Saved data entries
·····

(* Let $D$ be a regular $(v,k,\lambda,\mu)$-PDS in a finite group $G$ with $0<\mu<k$ and $\sqrt\Delta\in\mathbb{Z}$. Let $\mathcal{L}$ be the group of linear characters of $G$, $p$ a prime with $p\nmid\sqrt\Delta$, and $P$ a nontrivial Sylow $p$-subgroup of $\mathcal{L}$. Then for every nonprincipal $\xi'\in P$, \[\sum_{\xi\in P}\xi(D)=k+(|P|-1)\xi'(D).\] In particular all nonprincipal characters in $P$ take the same value on $D$.
   Context: A $(v,k,\lambda,\mu)$-PDS in a group $G$ of order $v$ is a $k$-subset $D$ such that every nonidentity element of $D$ is $xy^{-1}$ ($x,y\in D$) in exactly $\lambda$ ways and every nonidentity element of $G\setminus D$ in exactly $\mu$ ways; regular means $D=D^{(-1)}$ and $1\notin D$. $\Delta=(\lambda-\mu)^2+4(k-\mu)$; $\chi(D)=\sum_{d\in D}\chi(d)$. *)

theory Defs
  imports "HOL-Algebra.Algebra" "HOL-Computational_Algebra.Primes" "HOL-Library.FuncSet" Complex_Main
begin

definition diff_count :: "('a, 'b) monoid_scheme \<Rightarrow> 'a set \<Rightarrow> 'a \<Rightarrow> nat" where
  "diff_count G D g = card {(x, y). x \<in> D \<and> y \<in> D \<and> x \<otimes>\<^bsub>G\<^esub> inv\<^bsub>G\<^esub> y = g}"

definition is_pds :: "('a, 'b) monoid_scheme \<Rightarrow> nat \<Rightarrow> nat \<Rightarrow> nat \<Rightarrow> nat \<Rightarrow> 'a set \<Rightarrow> bool" where
  "is_pds G v k lam mu D \<longleftrightarrow>
     D \<subseteq> carrier G \<and> card (carrier G) = v \<and> card D = k \<and>
     (\<forall>g \<in> D. g \<noteq> \<one>\<^bsub>G\<^esub> \<longrightarrow> diff_count G D g = lam) \<and>
     (\<forall>g \<in> carrier G - D. g \<noteq> \<one>\<^bsub>G\<^esub> \<longrightarrow> diff_count G D g = mu)"

definition is_regular_pds :: "('a, 'b) monoid_scheme \<Rightarrow> nat \<Rightarrow> nat \<Rightarrow> nat \<Rightarrow> nat \<Rightarrow> 'a set \<Rightarrow> bool" where
  "is_regular_pds G v k lam mu D \<longleftrightarrow>
     is_pds G v k lam mu D \<and> (\<lambda>x. inv\<^bsub>G\<^esub> x) ` D = D \<and> \<one>\<^bsub>G\<^esub> \<notin> D"

definition pds_Delta :: "nat \<Rightarrow> nat \<Rightarrow> nat \<Rightarrow> int" where
  "pds_Delta k lam mu = (int lam - int mu)^2 + 4 * (int k - int mu)"

definition linear_chars :: "('a, 'b) monoid_scheme \<Rightarrow> ('a \<Rightarrow> complex) set" where
  "linear_chars G = {\<chi> \<in> extensional (carrier G).
      (\<forall>x \<in> carrier G. \<chi> x \<noteq> 0) \<and>
      (\<forall>x \<in> carrier G. \<forall>y \<in> carrier G. \<chi> (x \<otimes>\<^bsub>G\<^esub> y) = \<chi> x * \<chi> y)}"

definition char_group :: "('a, 'b) monoid_scheme \<Rightarrow> ('a \<Rightarrow> complex) monoid" where
  "char_group G = \<lparr> carrier = linear_chars G,
     monoid.mult = (\<lambda>\<chi> \<psi>. \<lambda>x \<in> carrier G. \<chi> x * \<psi> x),
     one = (\<lambda>x \<in> carrier G. 1) \<rparr>"

definition char_sum :: "('a \<Rightarrow> complex) \<Rightarrow> 'a set \<Rightarrow> complex" where
  "char_sum \<chi> D = (\<Sum>d\<in>D. \<chi> d)"

definition is_sylow :: "('c, 'd) monoid_scheme \<Rightarrow> nat \<Rightarrow> 'c set \<Rightarrow> bool" where
  "is_sylow H p P \<longleftrightarrow> subgroup P H \<and> card P = p ^ multiplicity p (order H)"

end

theory Submission
  imports Defs "Jordan_Normal_Form.Char_Poly" "HOL-Number_Theory.Residues"
begin

(* For a nonprincipal linear character chi, expanding chi(D) chi(D^(-1)) with the PDS
   parameters and using that chi sums to 0 over G gives chi(D)^2 = k + (lam - mu) chi(D) - mu.
   Hence chi(D) is one of the integers (lam - mu + sqrt Delta)/2, (lam - mu - sqrt Delta)/2,
   which differ by sqrt Delta.
   If chi lies in a subgroup of order p^e, its values are p^e-th roots of unity, and the
   Frobenius congruence in Z[zeta] gives chi(D)^(p^e) = sum of chi(d)^(p^e) = k modulo p.
   Both sides are rational integers, and rational algebraic integers are integers, so the
   congruence holds in Z; Fermat's little theorem turns it into chi(D) = k (mod p).
   Two distinct values of nonprincipal characters in P would thus be congruent mod p and
   differ by sqrt Delta, contradicting that p does not divide sqrt Delta. *)

section \<open>Integer spans and algebraic integers\<close>

(* For U the group of n-th roots of unity, int_span U is the ring Z[zeta_n]. *)
inductive_set int_span :: "'a::comm_ring_1 set \<Rightarrow> 'a set" for U :: "'a set" where
  int_span_0: "0 \<in> int_span U"
| int_span_base: "u \<in> U \<Longrightarrow> u \<in> int_span U"
| int_span_add: "x \<in> int_span U \<Longrightarrow> y \<in> int_span U \<Longrightarrow> x + y \<in> int_span U"
| int_span_uminus: "x \<in> int_span U \<Longrightarrow> - x \<in> int_span U"

lemma int_span_sum: "(\<And>a. a \<in> A \<Longrightarrow> f a \<in> int_span U) \<Longrightarrow> sum f A \<in> int_span U"
  by (induction A rule: infinite_finite_induct) (auto intro: int_span_0 int_span_add)

lemma int_span_of_int_mult:
  assumes "x \<in> int_span U"
  shows "of_int m * x \<in> int_span U"
proof -
  have nat: "of_nat n * x \<in> int_span U" for n
    by (induction n) (auto intro: int_span_0 int_span_add assms simp: distrib_right)
  show ?thesis
  proof (cases m rule: int_cases)
    case (neg n)
    then have "of_int m = - (of_nat (Suc n) :: 'a)" by simp
    then show ?thesis using nat int_span_uminus by (metis mult_minus_left)
  qed (use nat in simp)
qed

lemma int_span_eq_sum:
  assumes "finite U" "x \<in> int_span U"
  obtains a :: "'a::comm_ring_1 \<Rightarrow> int" where "x = (\<Sum>u\<in>U. of_int (a u) * u)"
proof -
  from assms(2) have "\<exists>a::'a \<Rightarrow> int. x = (\<Sum>u\<in>U. of_int (a u) * u)"
  proof induction
    case int_span_0
    show ?case by (rule exI[of _ "\<lambda>_. 0"]) simp
  next
    case (int_span_base u)
    show ?case
      by (rule exI[of _ "\<lambda>w. if w = u then 1 else 0"])
         (simp add: if_distrib[of "\<lambda>x. of_int x * _"] sum.delta[OF assms(1)] int_span_base cong: if_cong)
  next
    case (int_span_add x y)
    then obtain a b where "x = (\<Sum>u\<in>U. of_int (a u) * u)" "y = (\<Sum>u\<in>U. of_int (b u) * u)"
      by blast
    then show ?case
      by (intro exI[of _ "\<lambda>u. a u + b u"]) (simp add: sum.distrib distrib_right)
  next
    case (int_span_uminus x)
    then obtain a where "x = (\<Sum>u\<in>U. of_int (a u) * u)" by blast
    then show ?case
      by (intro exI[of _ "\<lambda>u. - a u"]) (simp add: sum_negf)
  qed
  then show ?thesis using that by blast
qed

locale mult_submonoid =
  fixes U :: "'a::comm_ring_1 set"
  assumes one_mem: "1 \<in> U"
    and mult_mem: "u \<in> U \<Longrightarrow> w \<in> U \<Longrightarrow> u * w \<in> U"
begin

·····

Of the lines above, retype only those from the line containing "A \<Longrightarrow> f" through the line containing "case (int_span_add x y)", including both, exactly.

lemma int_span_sum: "(\<And>a. a \<in> A \<Longrightarrow> f a \<in> int_span U) \<Longrightarrow> sum f A \<in> int_span U"
  by (induction A rule: infinite_finite_induct) (auto intro: int_span_0 int_span_add)

lemma int_span_of_int_mult:
  assumes "x \<in> int_span U"
  shows "of_int m * x \<in> int_span U"
proof -
  have nat: "of_nat n * x \<in> int_span U" for n
    by (induction n) (auto intro: int_span_0 int_span_add assms simp: distrib_right)
  show ?thesis
  proof (cases m rule: int_cases)
    case (neg n)
    then have "of_int m = - (of_nat (Suc n) :: 'a)" by simp
    then show ?thesis using nat int_span_uminus by (metis mult_minus_left)
  qed (use nat in simp)
qed

lemma int_span_eq_sum:
  assumes "finite U" "x \<in> int_span U"
  obtains a :: "'a::comm_ring_1 \<Rightarrow> int" where "x = (\<Sum>u\<in>U. of_int (a u) * u)"
proof -
  from assms(2) have "\<exists>a::'a \<Rightarrow> int. x = (\<Sum>u\<in>U. of_int (a u) * u)"
  proof induction
    case int_span_0
    show ?case by (rule exI[of _ "\<lambda>_. 0"]) simp
  next
    case (int_span_base u)
    show ?case
      by (rule exI[of _ "\<lambda>w. if w = u then 1 else 0"])
         (simp add: if_distrib[of "\<lambda>x. of_int x * _"] sum.delta[OF assms(1)] int_span_base cong: if_cong)
  next
    case (int_span_add x y)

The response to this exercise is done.